KBRA Assigns Ratings to Alesco Preferred Funding XI, Ltd.
26 Aug 2024 | New York
KBRA assigns ratings to four classes of notes issued by Alesco Preferred Funding XI, Ltd. (Alesco XI), a securitization backed by a portfolio of bank and insurance TruPs CDO assets.
Alesco XI is a 2006 vintage CDO of bank and insurance holding company Tier 1 and Tier 2 capital with Cohen Bros. Financial Management, LLC (“Cohen & Co”) as the initial collateral manager. It had an initial collateral par value of $667.1 million and rated liabilities of $637.0 million. It is a static cash flow structure and is now managed by Hildene Structured Advisors, LLC (HSA), a relying advisor to Hildene Capital Management, LLC (Hildene).
The securitization consists of $8.5 million Class A1A Notes, $8.6 million Class A1B Notes, $95.0 million of Class A2 Notes, $54.3 million Class B Notes, $40.9 million Class C1 Notes, $13.2 million Class C2 Notes, $63.7 million Class C3 Notes, $64.8 million Class D Notes, and $44.0 million of Preferred Shares.

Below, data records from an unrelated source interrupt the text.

(* Let $p$ be an odd prime, $\alpha$ an indeterminate over $\mathbb F_p$, and for $\gamma\in\mathbb F_p(\alpha)$ let \[ G^{(\gamma)}(X)=-\sum_{k=1}^{p-1}\frac{1}{k}\,\frac{X^{k}}{\prod_{s=1}^{k-1}b_{1,s}(\gamma)} \] (empty product equal to $1$). Then for every integer $h$ with $0<h<p$, \[ G^{(h\alpha)}\!\left(\frac{X^h}{\prod_{s=1}^{h-1}b_{1,s}(\alpha)}\right)\equiv h\,G^{(\alpha)}(X)\pmod{X^p-L_{p-1}^{(\alpha^p)}(\alpha^p-\alpha)} \] in the polynomial ring $\mathbb F_p(\alpha)[X]$, where $L_{p-1}^{(\alpha^p)}(\alpha^p-\alpha)$ is obtained from $L_{p-1}^{(\alpha)}(X)$ by substituting $\alpha^p$ for $\alpha$ and $\alpha^p-\alpha$ for $X$.
   Context: $\mathbb F_p$ is the field of $p$ elements, $\binom{x}{m}=x(x-1)\cdots(x-m+1)/m!$. $L_{p-1}^{(\alpha)}(X)=\sum_{k=0}^{p-1}\binom{\alpha-1}{p-1-k}\frac{(-X)^k}{k!}\in\mathbb F_p[\alpha,X]$. For integers $0<r,s<p$ (interpreted as elements of $\mathbb F_p$), $b_{r,s}(\alpha)=\sum_{k=0}^{p-1}(-r/s)^k\binom{r\alpha-1}{p-1-k}\binom{s\alpha-1}{k}\in\mathbb F_p[\alpha]$, and $b_{1,s}(h\alpha)$ denotes substitution of $h\alpha$ for $\alpha$. *)

theory Defs
  imports "Berlekamp_Zassenhaus.Finite_Field" "HOL-Computational_Algebra.Fraction_Field"
          "HOL-Computational_Algebra.Polynomial"
begin

text \<open>F_p is the type 'p mod_ring (p = CARD('p), a prime), F_p[alpha] is
 'p mod_ring poly and F_p(alpha) is its fraction field 'p mod_ring poly fract.\<close>

type_synonym 'p ratfun = "'p mod_ring poly fract"

definition alpha :: "'p::prime_card ratfun" where
  "alpha = to_fract [:0, 1:]"

text \<open>Binomial coefficient binom(x, m) = x(x-1)...(x-m+1)/m! in a field
 (used only for m < p, where m! is invertible).\<close>
definition fbinom :: "'a::field \<Rightarrow> nat \<Rightarrow> 'a" where
  "fbinom x m = (\<Prod>i<m. x - of_nat i) / of_nat (fact m)"

text \<open>b_{r,s}(gamma) = sum_{k=0}^{p-1} (-r/s)^k binom(r gamma - 1, p-1-k) binom(s gamma - 1, k),
 evaluated at an element gamma of F_p(alpha) (i.e. the polynomial b_{r,s} with gamma substituted).\<close>
definition b_rs :: "nat \<Rightarrow> nat \<Rightarrow> 'p::prime_card ratfun \<Rightarrow> 'p ratfun" where
  "b_rs r s \<gamma> = (let p = CARD('p) in
     \<Sum>k\<le>p-1. (- (of_nat r / of_nat s)) ^ k * fbinom (of_nat r * \<gamma> - 1) (p - 1 - k)
                 * fbinom (of_nat s * \<gamma> - 1) k)"

definition laguerre :: "'p::prime_card ratfun \<Rightarrow> 'p ratfun \<Rightarrow> 'p ratfun" where
  "laguerre a x = (let p = CARD('p) in
     \<Sum>k\<le>p-1. fbinom (a - 1) (p - 1 - k) * (- x) ^ k / of_nat (fact k))"

definition G_poly :: "'p::prime_card ratfun \<Rightarrow> 'p ratfun poly" where
  "G_poly \<gamma> = - (\<Sum>k=1..CARD('p)-1.
      monom (1 / (of_nat k * (\<Prod>s=1..k-1. b_rs 1 s \<gamma>))) k)"

end

theory Submission
  imports Defs "HOL-Computational_Algebra.Formal_Power_Series"
begin

text \<open>Over any field of odd characteristic p both ingredients split into the linear factors
  1 - x / i with 0 < i < p. The polynomial b_{1,s}(x) has degree at most (p - 1) / 2, value 1 at 0,
  and vanishes at the at least (p - 1) / 2 residues i with i + (s i mod p) < p; the polynomial
  L_{p-1}^{(x^p)}(x^p - x) has degree at most p (p - 1) / 2, value 1 at 0, and is divisible by the
  product of the (x - i)^(p - i). Both degree bounds come from three-term recurrences read off
  from first order differential equations of generating functions. Counting exponents then gives
  L^q * prod_{s<r} b_{1,s}(alpha) = prod_{s<k} b_{1,s}(h alpha) * (prod_{s<h} b_{1,s}(alpha))^k
  whenever h k = q p + r. Modulo X^p - L the monomial X^(h k) reduces to L^q X^r, so this identity
  matches the k-th term of the left-hand side with the r-th term of h G^(alpha)(X), and
  k \<mapsto> h k mod p permutes the terms.\<close>

lemma of_nat_eq_to_fract: "(of_nat n :: 'a::idom fract) = to_fract (of_nat n)"
  by (simp add: of_nat_fract to_fract_def)

lemma CHAR_fract [simp]: "CHAR('a::idom fract) = CHAR('a)"
  by (rule CHAR_eqI) (simp_all add: of_nat_eq_to_fract of_nat_eq_0_iff_char_dvd)

instance fract :: (idom_prime_char) field_prime_char
  by (rule field_prime_charI') simp

lemma of_nat_power_CHAR: "(of_nat n :: 'a::comm_ring_prime_char) ^ CHAR('a) = of_nat n"
proof (induction n)
  case (Suc n)
  have "(of_nat n + 1 :: 'a) ^ CHAR('a) = of_nat n ^ CHAR('a) + 1 ^ CHAR('a)"
    by (rule freshmans_dream) simp_all
  then show ?case
    using Suc by (simp add: add.commute)
qed (simp add: power_0_left)

lemma of_nat_neq_0_below_CHAR:
  "0 < n \<Longrightarrow> n < CHAR('a) \<Longrightarrow> (of_nat n :: 'a::semiring_1) \<noteq> 0"
  by (auto simp: of_nat_eq_0_iff_char_dvd dest: dvd_imp_le)

lemma inj_on_of_nat_below_CHAR: "inj_on (of_nat :: nat \<Rightarrow> 'a::ring_1) {..<CHAR('a)}"
  by (auto intro!: inj_onI simp: of_nat_eq_iff_cong_CHAR cong_def)

lemma of_nat_fact_neq_0_below_CHAR:
  "n < CHAR('a) \<Longrightarrow> (of_nat (fact n) :: 'a::semiring_prime_char) \<noteq> 0"
  by (simp add: of_nat_eq_0_iff_char_dvd prime_dvd_fact_iff)
lemma apath_level_0:
  assumes "apath bar \<kappa> A1 A2 ((p1, p2), q1, q2, 0) w ((r1, r2), e1, e2, \<kappa>)" and "0 < \<kappa>"
  shows "\<kappa> \<le> length w \<and>
    (\<forall>j \<le> length w - \<kappa>. accepting_cut bar A1 A2 e1 e2 w j \<longleftrightarrow> j = length w - \<kappa>)"
  using assms(1)
proof (induction w arbitrary: p1 p2 q1 q2)
  case Nil
  with assms(2) show ?case by simp
next
  case (Cons a w)
  from Cons.prems obtain q1' q2' l' where
    arc: "arc bar \<kappa> A1 A2 ((p1, p2), q1, q2, 0) a ((fst A1 p1 a, fst A2 p2 a), q1', q2', l')" and
    path: "apath bar \<kappa> A1 A2 ((fst A1 p1 a, fst A2 p2 a), q1', q2', l') w ((r1, r2), e1, e2, \<kappa>)"
    unfolding apath_Cons_iff by blast
  have q: "q1' = run (fst A1) e1 (wbar bar w)" "q2' = run (fst A2) e2 (wbar bar w)"
    using apath_states[OF path] by auto
  have step: "l' = (if accepting_cut bar A1 A2 e1 e2 (a # w) 0 then 1 else 0)"
    using arc q by (simp add: arc_iff accepting_cut_Cons_0)
  show ?case
  proof (cases "accepting_cut bar A1 A2 e1 e2 (a # w) 0")
    case True
    then have "\<kappa> = Suc (length w)"
      using apath_level_Suc[of bar \<kappa> A1 A2 _ _ _ _ 0] path step by simp
    with True show ?thesis by simp
  next
    case False
    with step path Cons.IH have \<kappa>: "\<kappa> \<le> length w"
      and cut: "\<forall>j \<le> length w - \<kappa>. accepting_cut bar A1 A2 e1 e2 w j \<longleftrightarrow> j = length w - \<kappa>"
      by simp_all
    have "accepting_cut bar A1 A2 e1 e2 (a # w) j \<longleftrightarrow> j = length (a # w) - \<kappa>"
      if "j \<le> length (a # w) - \<kappa>" for j
      using that False \<kappa> cut by (cases j) (auto simp: Suc_diff_le)
    with \<kappa> show ?thesis by simp
  qed
qed

lemma apath_level_SucI:
  assumes inv: "\<And>a. bar (bar a) = a"
  shows "(p1, p2) \<in> Q12 A1 A2 \<Longrightarrow> Suc l + length w \<le> \<kappa> \<Longrightarrow>
    x \<in> Bset bar A1 A2 (run (fst A1) p1 w) (run (fst A2) p2 w) e1 e2 \<Longrightarrow>
    apath bar \<kappa> A1 A2 ((p1, p2), run (fst A1) e1 (wbar bar w), run (fst A2) e2 (wbar bar w), Suc l) w
      ((run (fst A1) p1 w, run (fst A2) p2 w), e1, e2, Suc l + length w)"
proof (induction w arbitrary: p1 p2 l)
  case (Cons a w)
  let ?p1 = "fst A1 p1 a" and ?p2 = "fst A2 p2 a"
  have Q: "(?p1, ?p2) \<in> Q12 A1 A2"
    using Cons.prems(1) by (rule Q12_step)
  have "arc bar \<kappa> A1 A2 ((p1, p2), run (fst A1) e1 (wbar bar (a # w)), run (fst A2) e2 (wbar bar (a # w)), Suc l) a
      ((?p1, ?p2), run (fst A1) e1 (wbar bar w), run (fst A2) e2 (wbar bar w), Suc (Suc l))"
    using Cons.prems is_bridge_run[OF inv Cons.prems(1) _ Cons.prems(3)]
      is_bridge_run[OF inv Q, of "Suc (Suc l)" \<kappa> x w e1 e2]
    by (simp add: arc_iff)
  moreover have "apath bar \<kappa> A1 A2 ((?p1, ?p2), run (fst A1) e1 (wbar bar w), run (fst A2) e2 (wbar bar w), Suc (Suc l)) w
      ((run (fst A1) p1 (a # w), run (fst A2) p2 (a # w)), e1, e2, Suc l + length (a # w))"
    using Cons.IH[OF Q, of "Suc l"] Cons.prems(2,3) by simp
  ultimately show ?case
    unfolding apath_Cons_iff by blast
qed simp
definition Gtilde :: "('n::finite \<Rightarrow> 'n \<Rightarrow> 'n \<Rightarrow> real) \<Rightarrow> (complex^'n^'n) set" where
  "Gtilde c = {g \<in> adjoint_group c. \<forall>x::real^'n. \<exists>x'. g *v cplx x = cplx x'}"

end

theory Submission
  imports Defs
begin

(* The simple roots form a basis of the dual of h, so y |-> (alpha_i y)_i identifies h with
   R^l and the y_i with pi times the standard basis; as exp(alpha_i (x + i y)) is real exactly
   when alpha_i y lies in pi Z, this gives the first claim.
   A split Cartan subalgebra is abelian, so ad h is a commuting family of diagonalizable
   operators, and every eigenvalue of ad y_i is beta(y_i) for a root beta (or 0), an integer
   multiple of pi. Hence exp(i k ad y_i) acts by +1 or -1 on a real eigenbasis: it preserves the
   real form and squares to the identity, while for odd k it acts by exp(i pi k) = -1 on a root
   vector of alpha_i. *)

section \<open>Diagonalizable operators\<close>

definition diagonalizable :: "('a::real_vector \<Rightarrow> 'a) \<Rightarrow> bool" where
  "diagonalizable f \<longleftrightarrow>
     (\<exists>B. independent B \<and> span B = UNIV \<and> (\<forall>v\<in>B. \<exists>\<mu>. f v = \<mu> *\<^sub>R v))"

lemma diagonalizableE:
  fixes f :: "'a::euclidean_space \<Rightarrow> 'a"
  assumes "diagonalizable f"
  obtains B \<mu> where "finite B" "independent B" "span B = UNIV" "\<And>v. v \<in> B \<Longrightarrow> f v = \<mu> v *\<^sub>R v"
proof -
  obtain B where B: "independent B" "span B = UNIV" and eig: "\<forall>v\<in>B. \<exists>\<mu>. f v = \<mu> *\<^sub>R v"
    using assms unfolding diagonalizable_def by blast
  from eig obtain \<mu> where "\<And>v. v \<in> B \<Longrightarrow> f v = \<mu> v *\<^sub>R v" by metis
  with B show thesis using that finiteI_independent by blast
qed

lemma funpow_eigenvector:
  assumes "linear f" "f v = \<mu> *\<^sub>R v"
  shows "(f ^^ m) v = (\<mu> ^ m) *\<^sub>R v"
  by (induction m) (simp_all add: assms linear_scale)

lemma linear_funpow:
  fixes f :: "'a::real_vector \<Rightarrow> 'a"
  shows "linear f \<Longrightarrow> linear (f ^^ m)"
proof (induction m)
  case (Suc m)
  then show ?case using linear_compose[of "f ^^ m" f] by (simp add: o_def)
qed (simp add: linear_id)

lemma diagonalizable_funpow_eq_0:
  fixes f :: "'a::euclidean_space \<Rightarrow> 'a"
  assumes f: "linear f" "diagonalizable f" and w: "(f ^^ m) w = 0"
  shows "f w = 0"
proof -
  obtain B \<mu> where B: "finite B" "independent B" "span B = UNIV"
    and eig: "\<And>v. v \<in> B \<Longrightarrow> f v = \<mu> v *\<^sub>R v"
    using diagonalizableE[OF f(2)] by blast
  obtain u where wu: "w = (\<Sum>v\<in>B. u v *\<^sub>R v)"
    using span_finite[OF B(1)] B(3) by blast
  have fm: "linear (f ^^ m)"
    using f(1) by (rule linear_funpow)
  have "(\<Sum>v\<in>B. (u v * \<mu> v ^ m) *\<^sub>R v) = (f ^^ m) w"
    unfolding wu linear_sum[OF fm]
    by (intro sum.cong refl) (simp add: linear_scale[OF fm] funpow_eigenvector[OF f(1) eig])
  then have "u v * \<mu> v ^ m = 0" if "v \<in> B" for v
    using w B(2) that unfolding independent_explicit by metis
  then have "u v * \<mu> v = 0" if "v \<in> B" for v
    using that by (cases "u v = 0") auto
  then show "f w = 0"
    unfolding wu linear_sum[OF f(1)] by (intro sum.neutral) (simp add: linear_scale[OF f(1)] eig)
qed

fun shift_product :: "('a::real_vector \<Rightarrow> 'a) \<Rightarrow> real list \<Rightarrow> 'a \<Rightarrow> 'a" where
  "shift_product f [] = id"
| "shift_product f (\<mu> # \<mu>s) = shift_product f \<mu>s \<circ> (\<lambda>v. f v - \<mu> *\<^sub>R v)"

lemma linear_shift_product: "linear f \<Longrightarrow> linear (shift_product f \<mu>s)"
proof (induction \<mu>s)
  case (Cons \<mu> \<mu>s)
  have "linear (\<lambda>v. f v - \<mu> *\<^sub>R v)"
    using Cons.prems by (intro linear_compose_sub linear_scaleR)
  from linear_compose[OF this Cons.IH[OF Cons.prems]] show ?case by (simp add: o_def)
qed (simp add: linear_id)

lemma shift_product_eigenvector:
  assumes "linear f" "f v = \<mu> *\<^sub>R v"
  shows "shift_product f \<mu>s v = (\<Prod>m\<leftarrow>\<mu>s. \<mu> - m) *\<^sub>R v"
proof (induction \<mu>s)
  case (Cons m \<mu>s)
  have "f v - m *\<^sub>R v = (\<mu> - m) *\<^sub>R v"
    using assms(2) by (simp add: scaleR_diff_left)
  then have "shift_product f (m # \<mu>s) v = (\<mu> - m) *\<^sub>R shift_product f \<mu>s v"
    using linear_scale[OF linear_shift_product[OF assms(1)]] by simp
  with Cons.IH show ?case by simp
qed simp

lemma shift_product_kernel_eigenvector:
  assumes W: "subspace W" "f ` W \<subseteq> W"
  shows "w \<in> W \<Longrightarrow> w \<noteq> 0 \<Longrightarrow> shift_product f \<mu>s w = 0 \<Longrightarrow>
    \<exists>X\<in>W. X \<noteq> 0 \<and> (\<exists>\<nu>. f X = \<nu> *\<^sub>R X)"
proof (induction \<mu>s arbitrary: w)
  case (Cons \<mu> \<mu>s)
  show ?case
  proof (cases "f w - \<mu> *\<^sub>R w = 0")
    case True
    then have "f w = \<mu> *\<^sub>R w"
      by simp
    with Cons.prems(1,2) show ?thesis
      by blast
  next
    case False
    have "f w - \<mu> *\<^sub>R w \<in> W"
      using subspace_diff[OF W(1) _ subspace_scale[OF W(1)]] W(2) Cons.prems(1) by blast
    moreover have "shift_product f \<mu>s (f w - \<mu> *\<^sub>R w) = 0"
      using Cons.prems(3) by simp
    ultimately show ?thesis
      using Cons.IH False by blast
  qed
qed simp

text \<open>The product of the factors f - \<mu> over all eigenvalues annihilates the whole space;
  applying its factors to a nonzero vector of W one at a time, the last nonzero
  intermediate vector is an eigenvector lying in W.\<close>
lemma diagonalizable_invariant_subspace_eigenvector:
  fixes f :: "'a::euclidean_space \<Rightarrow> 'a"
  assumes f: "linear f" "diagonalizable f"
    and W: "subspace W" "f ` W \<subseteq> W" and w: "w \<in> W" "w \<noteq> 0"
  shows "\<exists>X\<in>W. X \<noteq> 0 \<and> (\<exists>\<nu>. f X = \<nu> *\<^sub>R X)"
proof -
  obtain B \<mu> where B: "finite B" "independent B" "span B = UNIV"
    and eig: "\<And>v. v \<in> B \<Longrightarrow> f v = \<mu> v *\<^sub>R v"
    using diagonalizableE[OF f(2)] by blast
  from finite_list[OF finite_imageI[OF B(1)]] obtain \<mu>s where \<mu>s: "set \<mu>s = \<mu> ` B" ..
  have "shift_product f \<mu>s v = 0" if "v \<in> B" for v
  proof -
    have "\<mu> v \<in> set \<mu>s"
      using \<mu>s that by simp
    then have "0 \<in> set (map (\<lambda>m. \<mu> v - m) \<mu>s)"
      by (simp add: image_iff)
    then have "(\<Prod>m\<leftarrow>\<mu>s. \<mu> v - m) = 0"
      by (simp only: prod_list_zero_iff)
    then show ?thesis using shift_product_eigenvector[OF f(1) eig[OF that]] by simp
  qed
  moreover have "w \<in> span B"
    by (simp only: B(3) UNIV_I)
  ultimately have "shift_product f \<mu>s w = 0"
    by (rule linear_eq_0_on_span[OF linear_shift_product[OF f(1)]])
  then show ?thesis
    by (rule shift_product_kernel_eigenvector[OF W w])
qed

lemma subspace_eigenspace: "linear f \<Longrightarrow> subspace {v. f v = \<nu> *\<^sub>R v}"
  unfolding subspace_def by (auto simp: linear_0 linear_add linear_scale algebra_simps)
lemma expectation_swap_superclients:
  fixes f1 f2 :: "_ \<Rightarrow> real"
  assumes f1: "f1 \<in> borel_measurable OM" and f1b: "\<And>x. x \<in> space OM \<Longrightarrow> \<bar>f1 x\<bar> \<le> C1"
    and f2: "f2 \<in> borel_measurable OM" and f2b: "\<And>x. x \<in> space OM \<Longrightarrow> \<bar>f2 x\<bar> \<le> C2"
    and hf: "\<And>mt zt v u w.
       f2 (mt,zt,v,u,w) = f1 (\<lambda>k\<in>clientIdx K. mt ((\<lambda>(i,b). (i, \<not> b)) k), \<lambda>k\<in>zIdx K n. zt ((\<lambda>(i,b,j,c). (i, \<not> b, j, c)) k),
          \<lambda>i\<in>{..<K}. \<not> v i, \<lambda>k\<in>uIdx K n. u ((\<lambda>(i,b,j). (i, \<not> b, j)) k), w)"
  shows "expect f2 = expect f1"
proof (rule expectation_reindex[OF f1 f1b f2 f2b])
  show "bij_betw (\<lambda>(i,b). (i, \<not> b)) (clientIdx K) (clientIdx K)"
    by (rule bij_betwI[where g = "\<lambda>(i,b). (i, \<not> b)"]) (auto simp: clientIdx_def)
  show "bij_betw (\<lambda>(i,b,j,c). (i, \<not> b, j, c)) (zIdx K n) (zIdx K n)"
    by (rule bij_betwI[where g = "\<lambda>(i,b,j,c). (i, \<not> b, j, c)"]) (auto simp: zIdx_def)
  have bu: "bij_betw (\<lambda>(i,b,j). (i, \<not> b, j)) (uIdx K n) (uIdx K n)"
    by (rule bij_betwI[where g = "\<lambda>(i,b,j). (i, \<not> b, j)"]) (auto simp: uIdx_def)
  show "(\<lambda>u. \<lambda>k\<in>uIdx K n. u ((\<lambda>(i,b,j). (i, \<not> b, j)) k)) \<in> UM \<rightarrow>\<^sub>M UM"
    unfolding UM_def by (rule measurable_PiM_reindex[OF bu])
  show "distr UM UM (\<lambda>u. \<lambda>k\<in>uIdx K n. u ((\<lambda>(i,b,j). (i, \<not> b, j)) k)) = UM"
    unfolding UM_def using distr_PiM_reindex_bij[OF bu, of "\<lambda>_. coin"] by simp
  show "(\<lambda>v. \<lambda>i\<in>{..<K}. \<not> v i) \<in> VM \<rightarrow>\<^sub>M VM"
    unfolding VM_def by (rule measurable_PiM_coin_Not)
  show "distr VM VM (\<lambda>v. \<lambda>i\<in>{..<K}. \<not> v i) = VM" unfolding VM_def by (rule distr_PiM_coin_Not) simp
  fix zt v u assume zt: "zt \<in> space ZM" and v: "v \<in> space VM" and u: "u \<in> space UM"
  show "sample_of K n (\<lambda>k\<in>zIdx K n. zt ((\<lambda>(i,b,j,c). (i, \<not> b, j, c)) k)) (\<lambda>i\<in>{..<K}. \<not> v i)
      (\<lambda>k\<in>uIdx K n. u ((\<lambda>(i,b,j). (i, \<not> b, j)) k)) = sample_of K n zt v u"
    unfolding sample_of_def by (rule restrict_ext) (auto simp: sIdx_def zIdx_def uIdx_def)
qed (simp_all add: hf)

lemma expectation_swap_samples:
  fixes f1 f2 :: "_ \<Rightarrow> real"
  assumes f1: "f1 \<in> borel_measurable OM" and f1b: "\<And>x. x \<in> space OM \<Longrightarrow> \<bar>f1 x\<bar> \<le> C1"
    and f2: "f2 \<in> borel_measurable OM" and f2b: "\<And>x. x \<in> space OM \<Longrightarrow> \<bar>f2 x\<bar> \<le> C2"
    and hf: "\<And>mt zt v u w.
       f2 (mt,zt,v,u,w) = f1 (\<lambda>k\<in>clientIdx K. mt k, \<lambda>k\<in>zIdx K n. zt ((\<lambda>(i,b,j,c). (i, b, j, \<not> c)) k),
          v, \<lambda>k\<in>uIdx K n. \<not> u k, w)"
  shows "expect f2 = expect f1"
proof (rule expectation_reindex[where pc = "\<lambda>k. k" and vT = "\<lambda>v. v", OF f1 f1b f2 f2b])
  show "bij_betw (\<lambda>k. k) (clientIdx K) (clientIdx K)" by (rule bij_betwI[where g="\<lambda>k. k"]) auto
  show "bij_betw (\<lambda>(i,b,j,c). (i, b, j, \<not> c)) (zIdx K n) (zIdx K n)"
    by (rule bij_betwI[where g = "\<lambda>(i,b,j,c). (i, b, j, \<not> c)"]) (auto simp: zIdx_def)
  show "(\<lambda>u. \<lambda>k\<in>uIdx K n. \<not> u k) \<in> UM \<rightarrow>\<^sub>M UM"
    unfolding UM_def by (rule measurable_PiM_coin_Not)
  show "distr UM UM (\<lambda>u. \<lambda>k\<in>uIdx K n. \<not> u k) = UM" unfolding UM_def by (rule distr_PiM_coin_Not) simp
  fix zt v u assume zt: "zt \<in> space ZM" and v: "v \<in> space VM" and u: "u \<in> space UM"
  show "sample_of K n (\<lambda>k\<in>zIdx K n. zt ((\<lambda>(i,b,j,c). (i, b, j, \<not> c)) k)) v
      (\<lambda>k\<in>uIdx K n. \<not> u k) = sample_of K n zt v u"
    unfolding sample_of_def by (rule restrict_ext) (auto simp: sIdx_def zIdx_def uIdx_def)
qed (simp_all add: hf)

The ratings reflect current credit enhancement levels, excess spread, and structural features.
The Classes A1A, A1B, A2, B, C1, C2, C3 and D Notes have par subs of 93.3%, 93.3%, 56.2%, 35.0%, -4.8%, -4.8%, -4.8% and -17.9%, respectively. The current portfolio has a K-WARF of 347, which represents a weighted average portfolio assessment between BBB- and BB+, and consists of 33 obligors and 34 assets.
Kroll Bond Rating Agency's (KBRA) ratings on Class A1A, A1B and A2 reflects KBRA’s opinion regarding the likelihood of timely payment of interest and ultimate repayment of principal. While the rating assigned to the Class B reflects KBRA’s opinion regarding the likelihood of ultimate payment of interest and principal. KBRA does not rate the Classes C1, C2, C3 or D Notes.